Why early agents failed: insufficient model capability, not flawed architecture

The initial wave of AI agents in the GPT-3.5 era generated significant attention but failed to achieve production reliability. According to Chase, the reason was straightforward: "the models were just not good enough." These systems could handle simple sequential tasks—finding a celebrity's girlfriend's age and performing a calculation with it, for instance—but they collapsed under the weight of multi-step workflows requiring sustained context and direction.

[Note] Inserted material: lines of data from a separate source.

lemma sketch_error_scalar_bound:
  fixes lam mu Z t D X p :: real
  assumes "0 < lam" "0 < mu" "0 \<le> Z" "0 \<le> t" "0 \<le> D" "0 \<le> X"
    and coco: "lam * t^2 \<le> mu * (lam * D * X - p)" and zf: "D \<le> Z * t" and lam_ge: "2 * mu * Z^2 \<le> lam"
  shows "p + D^2 \<le> lam * mu * Z^2 * X^2 / 2"
proof -
  have "mu * D^2 \<le> mu * (Z * t)^2"
    using assms by (intro mult_left_mono power_mono) auto
  also have "\<dots> \<le> lam * t^2 / 2"
    using lam_ge mult_right_mono[OF lam_ge, of "t^2"] by (simp add: power_mult_distrib)
  finally have D2: "mu * D^2 \<le> lam * t^2 / 2" .
  have "mu * (lam * D * X) \<le> mu * (lam * (Z * t) * X)"
    using assms by (intro mult_left_mono mult_right_mono) auto
  then have "mu * (p + D^2) \<le> mu * lam * Z * t * X - lam * t^2 / 2"
    using coco D2 by (simp add: algebra_simps)
  also have "\<dots> \<le> mu * (lam * mu * Z^2 * X^2 / 2)"
  proof -
    have "0 \<le> lam / 2 * (t - mu * Z * X)^2"
      using assms by simp
    then show ?thesis
      by (simp add: power2_eq_square algebra_simps)
  qed
  finally show ?thesis
    using assms(2) by simp
qed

The failure mode followed a predictable pattern. Early agents would work "one in N times," generating compelling demonstrations that suggested broader capability. Organizations would then attempt to deploy these systems in production environments, only to discover that over any workflow requiring more than a few steps, the agents would either accumulate errors or lose focus as their context window expanded. The architecture wasn't fundamentally broken; the underlying models simply lacked the capability to maintain coherent reasoning across the number of steps required for useful work.

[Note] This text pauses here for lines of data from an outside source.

lemma factor_indivisible_on_div_space:
  fixes \<mu> :: "(nat \<Rightarrow> 'v::euclidean_space) \<Rightarrow> real"
  assumes form: "is_form p \<mu>" and nonzero: "\<mu> \<noteq> (\<lambda>v. 0)" and s: "s \<le> DIM('v)"
    and factor: "fun_basis_of s \<xi> (div_polar p \<mu>)" "is_form (p - s) \<zeta>"
      "\<mu> = wedge s (p - s) (wedge_list s \<xi>) \<zeta>"
  shows "indivisible_in (div_space UNIV p \<mu>) (p - s) \<zeta>"
proof (rule polar_frame_exists[OF form nonzero factor(1) s])
  fix e assume "polar_frame p \<mu> s \<xi> e"
  then show ?thesis by (rule polar_frame.factor_indivisible_on_D) (fact factor)+
qed

theorem lemma4p1:
  fixes \<mu> :: "(nat \<Rightarrow> 'v::euclidean_space) \<Rightarrow> real" and p :: nat
  defines "n \<equiv> DIM('v)"
    and "r \<equiv> form_rank p \<mu>"
    and "Z \<equiv> form_kernel p \<mu>"
    and "D \<equiv> div_space UNIV p \<mu>"
    and "D' \<equiv> div_polar p \<mu>"
    and "s \<equiv> DIM('v) - dim (div_space UNIV p \<mu>)"
  assumes form: "is_form p \<mu>" and nonzero: "\<mu> \<noteq> (\<lambda>v. 0)"
  shows "(dim Z = n - r \<and> s \<le> r) \<and>
    (int s \<noteq> int p - 1 \<and> s \<le> p \<and> (s = p \<longleftrightarrow> decomposable p \<mu>)) \<and>
    (\<forall>\<xi>. fun_basis_of n \<xi> {\<eta>. linear \<eta>} \<and> fun_basis_of s \<xi> D' \<longrightarrow>
           (\<exists>\<zeta>. is_form (p - s) \<zeta> \<and> \<mu> = wedge s (p - s) (wedge_list s \<xi>) \<zeta> \<and>
                indivisible_in UNIV (p - s) \<zeta> \<and>
                (\<exists>(m::nat) c g. (\<forall>j<m. \<forall>k<p - s. s \<le> g j k \<and> g j k < n) \<and>
                   \<zeta> = (\<lambda>v. \<Sum>j<m. c j * wedge_list (p - s) (\<lambda>k. \<xi> (g j k)) v)))) \<and>
    (\<forall>\<xi> \<zeta> \<xi>' \<zeta>'.
           fun_basis_of s \<xi> D' \<and> is_form (p - s) \<zeta> \<and> \<mu> = wedge s (p - s) (wedge_list s \<xi>) \<zeta> \<and>
           fun_basis_of s \<xi>' D' \<and> is_form (p - s) \<zeta>' \<and> \<mu> = wedge s (p - s) (wedge_list s \<xi>') \<zeta>'
           \<longrightarrow> (\<exists>c. c \<noteq> 0 \<and> (\<forall>v. (\<forall>i<p - s. v i \<in> D) \<longrightarrow> \<zeta>' v = c * \<zeta> v))) \<and>
    (\<forall>\<xi> \<zeta>. fun_basis_of s \<xi> D' \<and> is_form (p - s) \<zeta> \<and> \<mu> = wedge s (p - s) (wedge_list s \<xi>) \<zeta>
           \<longrightarrow> indivisible_in D (p - s) \<zeta>)"
proof -
  have s: "s \<le> DIM('v)" unfolding s_def by simp
  obtain \<xi>\<^sub>0 where "fun_basis_of s \<xi>\<^sub>0 D'"
    using div_polar_basis_exists[of p \<mu>] unfolding s_def D'_def by blast
  then obtain e\<^sub>0 where "polar_frame p \<mu> s \<xi>\<^sub>0 e\<^sub>0"
    using polar_frame_exists[OF form nonzero _ s] unfolding D'_def by blast
  have "dim Z = n - r \<and> s \<le> r"
    using form_rank_eq[OF form] dim_subset[OF form_kernel_subset_div_space[OF form nonzero]]
      dim_subset_UNIV[of Z]
    unfolding r_def n_def Z_def s_def by simp
  moreover have "int s \<noteq> int p - 1 \<and> s \<le> p \<and> (s = p \<longleftrightarrow> decomposable p \<mu>)"
    using polar_frame.polar_dim_properties[OF \<open>polar_frame p \<mu> s \<xi>\<^sub>0 e\<^sub>0\<close>] .
  ultimately show ?thesis
    using factorization_in_dual_basis[OF form nonzero s] factor_unique_on_div_space[OF form nonzero s]
      factor_indivisible_on_div_space[OF form nonzero s]
    unfolding n_def D_def D'_def by blast
qed

end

This reality demystifies the recent progress in agent reliability. The breakthrough wasn't primarily new software architectures or clever prompt engineering techniques, though both contributed. The fundamental shift came from model capabilities crossing a threshold where the core tool-calling loop that inspired systems like AutoGPT could finally operate reliably. As Chase notes, the models are now "just better enough" to make the original architectural intuitions work in production.

Deep agents and the model-maximalism approach

The architectural pattern that has emerged over the past six months reflects what Chase calls "Deep Agents"—systems that represent a full-circle return to the general-purpose tool-calling loop that characterized early experiments, but this time supported by models capable of executing the pattern reliably. These systems operate on a philosophy Chase terms "Model Maximalism": rather than building intricate, rigid software workflows that constrain the agent's behavior, the goal is to "push all of the complexity into the prompt" and trust the model to navigate that complexity intelligently.

The mechanism works like this: Instead of a traditional workflow engine that forces the system through predefined steps, a Deep Agent uses a core loop where the large language model itself "determines when to go the next step." This creates a fundamental distinction in system behavior. In a workflow system, the software architecture dictates the sequence of operations. In a Deep Agent, the model evaluates the current state, consults its instructions, and decides autonomously what action to take next—whether that's calling a tool, requesting more information, or concluding the task.

The sophistication lies not in the loop itself, which remains relatively simple, but in the "harness" that supports it. This harness packages industry best practices into a batteries-included environment: built-in planning tools, file system access, error handling, and other capabilities the model can invoke as needed. The architectural complexity hasn't disappeared; it's been absorbed into the supporting infrastructure and the instructions that guide the model's decision-making.

The 30-page prompt: instructions as high-density programming

Perhaps the most counterintuitive aspect of modern agent development is what "prompt" actually means at production scale. When Chase refers to the prompts powering systems like Claude Code, he's not describing a few paragraphs of natural language instructions. These prompts run "20, 30 pages" long. Even the descriptions for individual tools an agent can use—specifications for a single function call—often exceed the length of an entire prompt a typical user might write.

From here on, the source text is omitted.